Let us start by solving a simple problem:

There is a chessboard with 8 x 8 squares. There are the White King and Black Queen on it. Check whether the Queen could take the King.

Remember - Queen could move to any distance vertically, horizontally or along any of two diagonals.

8  - Q - - - - - -     - - - - - - - -
7  - - - - Q - - -     - - - - - - Q -
6  - - - - - - - -     - - - - - - - -
5  - - - - - - - -     - - - Q - - - -
4  - K - - - - Q -     - - Q - - - - -
3  - - - - - - - -     - - - - - - - -
2  - - - Q - - - -     - - - - - K - -
1  - - - - - - - -     - Q - - - - - -
   a b c d e f g h     a b c d e f g h

See these two examples, with schematically drawn boards.
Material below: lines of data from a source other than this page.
(* Let $\beta>0$, $\alpha\in(0,1)$ and $\rho>0$. Consider the planar system \[ \dot p=\rho\,(1-e^{p})-q,\qquad \dot q=-\beta\alpha\rho\,(1-e^{p}),\qquad (p,q)\in\mathbb{R}^2 . \] Then this system is globally stable, with all solutions tending to $(0,0)$ as $t\to\infty$.
   Context: This system arises from the single-agent resource–consumption model $\dot x=(1-x)x-xy$, $\dot y=\beta\alpha(x-\rho)$ via the change of variables $p=\ln x-\ln\rho$, $q=y-(1-\rho)$. *)

theory Defs
  imports "HOL-Analysis.Analysis"
begin

definition rc_field :: "real \<Rightarrow> real \<Rightarrow> real \<Rightarrow> real \<times> real \<Rightarrow> real \<times> real" where
  "rc_field \<beta> \<alpha> \<rho> z =
     (\<rho> * (1 - exp (fst z)) - snd z, - \<beta> * \<alpha> * \<rho> * (1 - exp (fst z)))"

definition rc_solution :: "real \<Rightarrow> real \<Rightarrow> real \<Rightarrow> (real \<Rightarrow> real \<times> real) \<Rightarrow> bool" where
  "rc_solution \<beta> \<alpha> \<rho> x \<longleftrightarrow>
     (\<forall>t\<ge>0. (x has_vector_derivative rc_field \<beta> \<alpha> \<rho> (x t)) (at t within {0..}))"

end

theory Submission
  imports Defs "HOL-Real_Asymp.Real_Asymp"
begin

text \<open>The energy \<open>V = \<beta>\<alpha>\<rho> (e\<^sup>p - 1 - p) + q\<^sup>2/2\<close> satisfies
  \<open>V' = -\<beta>\<alpha>\<rho>\<^sup>2 (e\<^sup>p - 1)\<^sup>2 \<le> 0\<close> along solutions. This gives Lyapunov stability
  and confines \<open>p\<close> to a bounded range determined by the initial energy. On that range the
  perturbed function \<open>W = V + e q (e\<^sup>p - 1)\<close>, for small \<open>e > 0\<close>, is comparable to \<open>V\<close>
  and satisfies \<open>W' \<le> -\<delta> W\<close>, so \<open>V\<close> decays exponentially and every solution tends to
  the origin. Global existence: after capping \<open>p\<close> the field is globally Lipschitz, a
  Picard iteration in an exponentially weighted sup norm solves the capped system on
  \<open>[0,\<infinity>)\<close>, and the energy bound shows that the cap is never reached.\<close>

section \<open>Global solutions of Lipschitz vector fields\<close>

lemma integral_has_vector_derivative_nonneg:
  fixes g :: "real \<Rightarrow> 'a::banach"
  assumes "continuous_on UNIV g" and "t \<ge> 0"
  shows "((\<lambda>u. integral {0..u} g) has_vector_derivative g t) (at t within {0..})"
proof -
  have "((\<lambda>u. integral {0..u} g) has_vector_derivative g t) (at t within {0..t+1})"
    by (rule integral_has_vector_derivative) (use assms in \<open>auto intro: continuous_on_subset\<close>)
  moreover have "at t within {0..t+1} = at t within {0..}"
    by (rule at_within_nhd[of _ "{..<t+1}"]) auto
  ultimately show ?thesis by simp
qed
On both the King is shown with letter K while marks Q shows variants of placing the Queen.

Notice how the squares of the board are addressed. Columns (called files) are marked with latin letters from a to h, while rows (called ranks) are marked with digits from 1 to 8. So the King on the left diagram sits on the b4 square - and on the right diagram on the f2. We shall use this notation.

Input data contain the number of test-cases in the first line.
Next lines describe placement of the King and Queen for each testcase, by specifying their squares (King's first).
Answer should give only letter Y or N for each of test-cases, meaning that King could be taken or not respectively. Separate letters with spaces.

Example:

input data:
8
b4 b8
b4 e7
b4 d2
b4 g4
f2 b1
f2 c4
f2 d5
f2 g7

answer:
Y Y Y Y N N N N

In this example the positions are taken from both of diagrams above - cases 1..4 from the left diagram and others from the right.